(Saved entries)
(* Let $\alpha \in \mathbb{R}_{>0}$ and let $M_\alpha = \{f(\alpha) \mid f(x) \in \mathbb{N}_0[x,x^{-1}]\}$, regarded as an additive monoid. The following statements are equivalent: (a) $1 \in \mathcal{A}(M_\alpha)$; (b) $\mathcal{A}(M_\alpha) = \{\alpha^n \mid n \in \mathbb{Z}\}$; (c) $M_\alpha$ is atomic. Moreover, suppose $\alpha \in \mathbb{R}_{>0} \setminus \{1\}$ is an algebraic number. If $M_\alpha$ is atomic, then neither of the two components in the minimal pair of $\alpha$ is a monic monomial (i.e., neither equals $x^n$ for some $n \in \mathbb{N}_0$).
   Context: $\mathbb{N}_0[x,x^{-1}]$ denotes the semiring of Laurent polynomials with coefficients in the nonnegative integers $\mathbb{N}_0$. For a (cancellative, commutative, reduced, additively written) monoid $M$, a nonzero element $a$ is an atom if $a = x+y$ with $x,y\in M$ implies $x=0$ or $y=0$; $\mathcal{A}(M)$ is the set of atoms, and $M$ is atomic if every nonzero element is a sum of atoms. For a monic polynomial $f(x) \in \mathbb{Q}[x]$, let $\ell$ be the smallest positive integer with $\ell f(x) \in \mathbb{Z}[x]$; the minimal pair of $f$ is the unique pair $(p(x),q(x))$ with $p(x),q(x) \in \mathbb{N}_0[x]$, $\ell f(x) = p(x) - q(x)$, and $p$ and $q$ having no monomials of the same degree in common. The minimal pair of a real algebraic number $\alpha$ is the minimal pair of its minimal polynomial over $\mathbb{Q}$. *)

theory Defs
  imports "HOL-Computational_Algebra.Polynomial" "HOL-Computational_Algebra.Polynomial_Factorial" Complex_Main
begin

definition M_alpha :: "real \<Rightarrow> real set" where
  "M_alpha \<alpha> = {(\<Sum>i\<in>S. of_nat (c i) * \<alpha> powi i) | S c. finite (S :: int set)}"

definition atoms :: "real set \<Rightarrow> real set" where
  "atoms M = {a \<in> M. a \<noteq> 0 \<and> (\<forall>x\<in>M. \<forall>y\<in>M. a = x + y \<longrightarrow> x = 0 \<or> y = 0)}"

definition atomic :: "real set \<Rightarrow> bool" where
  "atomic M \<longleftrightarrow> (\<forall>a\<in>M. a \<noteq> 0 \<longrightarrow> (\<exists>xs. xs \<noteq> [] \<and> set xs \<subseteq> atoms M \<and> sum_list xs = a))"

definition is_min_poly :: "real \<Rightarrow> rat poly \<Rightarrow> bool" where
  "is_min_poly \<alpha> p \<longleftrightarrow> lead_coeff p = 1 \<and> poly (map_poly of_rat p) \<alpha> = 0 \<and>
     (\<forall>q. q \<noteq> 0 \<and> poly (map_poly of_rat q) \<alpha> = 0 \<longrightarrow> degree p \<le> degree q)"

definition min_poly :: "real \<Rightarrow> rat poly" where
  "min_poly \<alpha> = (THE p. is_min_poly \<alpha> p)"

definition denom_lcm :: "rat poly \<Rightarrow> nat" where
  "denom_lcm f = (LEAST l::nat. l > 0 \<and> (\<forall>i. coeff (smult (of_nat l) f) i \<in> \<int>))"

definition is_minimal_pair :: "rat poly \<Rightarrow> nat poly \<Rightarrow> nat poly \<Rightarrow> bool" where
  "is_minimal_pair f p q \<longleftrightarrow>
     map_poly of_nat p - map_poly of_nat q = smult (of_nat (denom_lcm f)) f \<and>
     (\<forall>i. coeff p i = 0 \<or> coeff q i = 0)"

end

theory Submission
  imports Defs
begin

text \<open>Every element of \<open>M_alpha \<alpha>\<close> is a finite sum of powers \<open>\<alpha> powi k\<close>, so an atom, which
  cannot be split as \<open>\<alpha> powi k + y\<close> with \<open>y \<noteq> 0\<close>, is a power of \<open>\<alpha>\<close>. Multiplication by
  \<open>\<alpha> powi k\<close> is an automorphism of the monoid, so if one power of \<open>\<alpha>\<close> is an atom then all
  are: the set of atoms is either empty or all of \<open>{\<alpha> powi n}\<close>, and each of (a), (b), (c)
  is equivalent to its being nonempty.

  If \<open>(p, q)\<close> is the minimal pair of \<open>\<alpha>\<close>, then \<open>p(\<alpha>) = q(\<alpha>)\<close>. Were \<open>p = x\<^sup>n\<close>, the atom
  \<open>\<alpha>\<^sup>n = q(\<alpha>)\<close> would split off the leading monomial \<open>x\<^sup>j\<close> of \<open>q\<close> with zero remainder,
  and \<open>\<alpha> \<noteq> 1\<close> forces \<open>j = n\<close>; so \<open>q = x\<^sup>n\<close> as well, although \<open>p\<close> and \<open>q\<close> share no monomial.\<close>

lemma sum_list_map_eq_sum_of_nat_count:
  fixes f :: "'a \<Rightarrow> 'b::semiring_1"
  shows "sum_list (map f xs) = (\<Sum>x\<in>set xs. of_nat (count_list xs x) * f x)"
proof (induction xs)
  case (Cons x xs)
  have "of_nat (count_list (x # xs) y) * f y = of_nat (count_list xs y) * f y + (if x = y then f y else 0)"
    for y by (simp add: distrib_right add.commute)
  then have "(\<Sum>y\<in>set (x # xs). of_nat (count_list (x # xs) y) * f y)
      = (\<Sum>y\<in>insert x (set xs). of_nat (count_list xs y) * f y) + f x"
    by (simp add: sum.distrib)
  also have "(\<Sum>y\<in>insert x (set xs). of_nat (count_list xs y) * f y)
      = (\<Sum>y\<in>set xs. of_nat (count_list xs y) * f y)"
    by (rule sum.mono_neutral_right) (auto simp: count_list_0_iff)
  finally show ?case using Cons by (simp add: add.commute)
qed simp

### What the task requires:
Transcribe the records above exactly, but only from the line that contains "xs y) * f y) +" through their final line, inclusive.

### Answer to this problem:
      = (\<Sum>y\<in>insert x (set xs). of_nat (count_list xs y) * f y) + f x"
    by (simp add: sum.distrib)
  also have "(\<Sum>y\<in>insert x (set xs). of_nat (count_list xs y) * f y)
      = (\<Sum>y\<in>set xs. of_nat (count_list xs y) * f y)"
    by (rule sum.mono_neutral_right) (auto simp: count_list_0_iff)
  finally show ?case using Cons by (simp add: add.commute)
qed simp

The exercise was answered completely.